Conservatives withdraw support for high speed railway
It was reported last week that the Conservatives have withdrawn their support for the proposed route of HST2. This is due to anxiety about of losing votes from NIMBYs in the Tory heartland, who are fearful of property blight. It is the worst of reasons since it does not go to the root of the problem and question the whole project.
Nevertheless a valid point is being made, if not directly. There is no effective means of judging whether or not a particular item of infrastructure development is a good investment, both in absolute terms and relative to other possible and competing investments. The unfolding arguments about whether Britain should have a high speed railway and where it should run illustrate a general problem.
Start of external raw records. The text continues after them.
lemma homotopy_equivalent_Cech_thickening_product:
  assumes "Metric_space M1 d1" "Metric_space M2 d2" "1 \<le> p"
  shows "thickening_top p (max_dist d1 d2) (Cech_complex cl (M1 \<times> M2) (max_dist d1 d2) r)
    homotopy_equivalent_space prod_thickening_top p d1 (Cech_complex cl M1 d1 r) d2 (Cech_complex cl M2 d2 r)"
proof (rule homotopy_equivalent_thickening_product[OF assms])
  fix \<sigma>
  assume \<sigma>: "\<sigma> \<in> Cech_complex cl (M1 \<times> M2) (max_dist d1 d2) r"
  then obtain z where "z \<in> (\<Inter>q\<in>\<sigma>. metric_ball cl (M1 \<times> M2) (max_dist d1 d2) q r)"
    by (auto simp: Cech_complex_def)
  then have "fst z \<in> (\<Inter>x\<in>fst ` \<sigma>. metric_ball cl M1 d1 x r)" "snd z \<in> (\<Inter>y\<in>snd ` \<sigma>. metric_ball cl M2 d2 y r)"
    by (auto simp: metric_ball_max_dist)
  with \<sigma> show "fst ` \<sigma> \<in> Cech_complex cl M1 d1 r" "snd ` \<sigma> \<in> Cech_complex cl M2 d2 r"
    by (auto simp: Cech_complex_def simp del: INT_iff)
next
  fix \<sigma>1 \<sigma>2
  assume "\<sigma>1 \<in> Cech_complex cl M1 d1 r" "\<sigma>2 \<in> Cech_complex cl M2 d2 r"
  then obtain z1 z2 where "z1 \<in> (\<Inter>x\<in>\<sigma>1. metric_ball cl M1 d1 x r)" "z2 \<in> (\<Inter>y\<in>\<sigma>2. metric_ball cl M2 d2 y r)"
    by (auto simp: Cech_complex_def)
  then have "(z1, z2) \<in> (\<Inter>q\<in>\<sigma>1 \<times> \<sigma>2. metric_ball cl (M1 \<times> M2) (max_dist d1 d2) q r)"
    by (auto simp: metric_ball_max_dist)
  then have "(\<Inter>q\<in>\<sigma>1 \<times> \<sigma>2. metric_ball cl (M1 \<times> M2) (max_dist d1 d2) q r) \<noteq> {}"
    by blast
  with \<open>\<sigma>1 \<in> _\<close> \<open>\<sigma>2 \<in> _\<close> show "\<sigma>1 \<times> \<sigma>2 \<in> Cech_complex cl (M1 \<times> M2) (max_dist d1 d2) r"
    by (simp add: Cech_complex_def Sigma_mono)
qed (auto simp: Cech_complex_def)

theorem corollary5p2:
  fixes M1 :: "'a set" and d1 :: "'a \<Rightarrow> 'a \<Rightarrow> real"
    and M2 :: "'b set" and d2 :: "'b \<Rightarrow> 'b \<Rightarrow> real"
    and p :: real and r :: ereal and cl :: bool
  assumes "Metric_space M1 d1" and "Metric_space M2 d2"
    and "1 \<le> p" and "0 \<le> r"
  shows "(thickening_top p (max_dist d1 d2) (VR_complex (M1 \<times> M2) (max_dist d1 d2) r))
         homotopy_equivalent_space
           (prod_thickening_top p d1 (VR_complex M1 d1 r) d2 (VR_complex M2 d2 r))
       \<and> (thickening_top p (max_dist d1 d2) (Cech_complex cl (M1 \<times> M2) (max_dist d1 d2) r))
         homotopy_equivalent_space
           (prod_thickening_top p d1 (Cech_complex cl M1 d1 r) d2 (Cech_complex cl M2 d2 r))"
  using homotopy_equivalent_VR_thickening_product[OF assms(1-3)]
    homotopy_equivalent_Cech_thickening_product[OF assms(1-3)] by blast

end
definition is_ideal :: "'k::field set \<Rightarrow> 'k set \<Rightarrow> bool" where
  "is_ideal I T \<longleftrightarrow> I \<subseteq> T \<and> 0 \<in> I \<and>
     (\<forall>x\<in>I. \<forall>y\<in>I. x + y \<in> I) \<and> (\<forall>t\<in>T. \<forall>x\<in>I. t * x \<in> I)"

definition ext_ideal :: "'k::field set \<Rightarrow> 'k set \<Rightarrow> 'k set" where
  "ext_ideal I S = {x. \<exists>(n::nat) a s. (\<forall>i<n. a i \<in> I \<and> s i \<in> S) \<and>
                        x = (\<Sum>i<n. a i * s i)}"

definition complete_family :: "'k::field set set \<Rightarrow> 'k set \<Rightarrow> bool" where
  "complete_family \<Lambda> T \<longleftrightarrow>
     (\<forall>I. is_ideal I T \<longrightarrow> I = (\<Inter>S\<in>\<Lambda>. ext_ideal I S))"

definition IntPoly :: "'k::field set \<Rightarrow> 'k poly set" where
  "IntPoly A = {f. \<forall>a\<in>A. poly f a \<in> A}"

definition IntPoly_ext :: "'k::field set \<Rightarrow> 'k set \<Rightarrow> 'k poly set" where
  "IntPoly_ext D S = {p. \<exists>(n::nat) f s. (\<forall>i<n. f i \<in> IntPoly D \<and> s i \<in> S) \<and>
                          p = (\<Sum>i<n. smult (s i) (f i))}"

end

theory Submission
  imports Defs
begin

(*
  A flat overring S of T satisfies Int(T) \<subseteq> Int(S): for x = a/b in S, flatness applied to the
  relation a * 1 - b * x = 0 makes the conductor (T :_T x) extend to the unit ideal of S, and
  for every c in that conductor some power of c carries f(x) into T, because f(x) is recovered
  up to powers of c from the values f(c^k x) \<in> T. So every f \<in> Int(T) lies in
  Int(D)S = Int(S) for S \<in> \<Lambda>; writing f = \<Sum> s_i f_i there, the ideal {t \<in> T. t f \<in> Int(D)T}
  contains the conductor of the s_i, which again extends to the unit ideal of S. Completeness
  of \<Lambda> then puts 1 into that ideal. The inclusion Int(D) \<subseteq> Int(T) is completeness applied
  to the ideal T itself.
*)

lemma
  assumes "is_subring R"
  shows subring_zero: "0 \<in> R"
    and subring_one: "1 \<in> R"
    and subring_add: "x \<in> R \<Longrightarrow> y \<in> R \<Longrightarrow> x + y \<in> R"
    and subring_diff: "x \<in> R \<Longrightarrow> y \<in> R \<Longrightarrow> x - y \<in> R"
    and subring_mult: "x \<in> R \<Longrightarrow> y \<in> R \<Longrightarrow> x * y \<in> R"
  using assms unfolding is_subring_def by auto

lemma subring_power: "is_subring R \<Longrightarrow> x \<in> R \<Longrightarrow> x ^ n \<in> R"
  by (induction n) (simp_all add: subring_one subring_mult)

lemma subring_of_nat: "is_subring R \<Longrightarrow> of_nat n \<in> R"
  by (induction n) (simp_all add: subring_zero subring_one subring_add)

lemma
  assumes "is_ideal I R"
  shows ideal_subset: "I \<subseteq> R"
    and ideal_zero: "0 \<in> I"
    and ideal_add: "x \<in> I \<Longrightarrow> y \<in> I \<Longrightarrow> x + y \<in> I"
    and ideal_mult_left: "r \<in> R \<Longrightarrow> x \<in> I \<Longrightarrow> r * x \<in> I"
  using assms unfolding is_ideal_def by auto

lemma ideal_mult_right: "is_ideal I R \<Longrightarrow> x \<in> I \<Longrightarrow> r \<in> R \<Longrightarrow> x * r \<in> I"
  using ideal_mult_left[of I R r x] by (simp add: mult.commute)

lemma ideal_sum:
  assumes "is_ideal I R" "\<And>i. i \<in> A \<Longrightarrow> g i \<in> I"
  shows "sum g A \<in> I"
  using assms(2)
  by (induction A rule: infinite_finite_induct)
    (simp_all add: ideal_zero[OF assms(1)] ideal_add[OF assms(1)])

lemma subring_is_ideal: "is_subring R \<Longrightarrow> is_ideal R R"
  unfolding is_subring_def is_ideal_def by blast

lemma quotient_field_of_overring:
  "quotient_field_of D \<Longrightarrow> overring D T \<Longrightarrow> quotient_field_of T"
  unfolding quotient_field_of_def overring_def by blast

lemma smult_sum_right: "smult c (sum f A) = (\<Sum>x\<in>A. smult c (f x))"
  by (induction A rule: infinite_finite_induct) (simp_all add: smult_add_right)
A good measure of the value of infrastructure is the aggregate change in land value to which it gives rise, but there is only limited experience in analysing the effects and forecasting the likely increases. The Conservative objection to the high speed railway boils down to the unstated fact that it leads to a fall in land values along the line of its route and to increases only within the catchment area of stations.
The next difficulty is that this external value of taxpayer-funded investment is not captured for the exchequer and produces no return, being instead taken in the form of windfall gains by landowners. If there was a system of land value taxation in place, based on the taxation of the annual rental value of land, these windfall gains would be collected automatically. Conversely, there would be compensation for the losses, thereby taking the force away from the objections of NIMBYs.
But this too has become controversial because of the suggestion of what is known as “tax increment funding” which has got the thing a bad name. TIF involves hitting people with a lump sum charge, levied within areas that had gained from the infrastructure, which of course would be grossly unfair. It is unreasonable to expect people to make large lump-sum payments for something they will get little from, nor is it possible to draw a boundary which defines where the benefits begin and end.
Nevertheless, people should pay for these benefits because at present, if they do not want to use them personally, they can, and do, cash-in their gains and go somewhere else.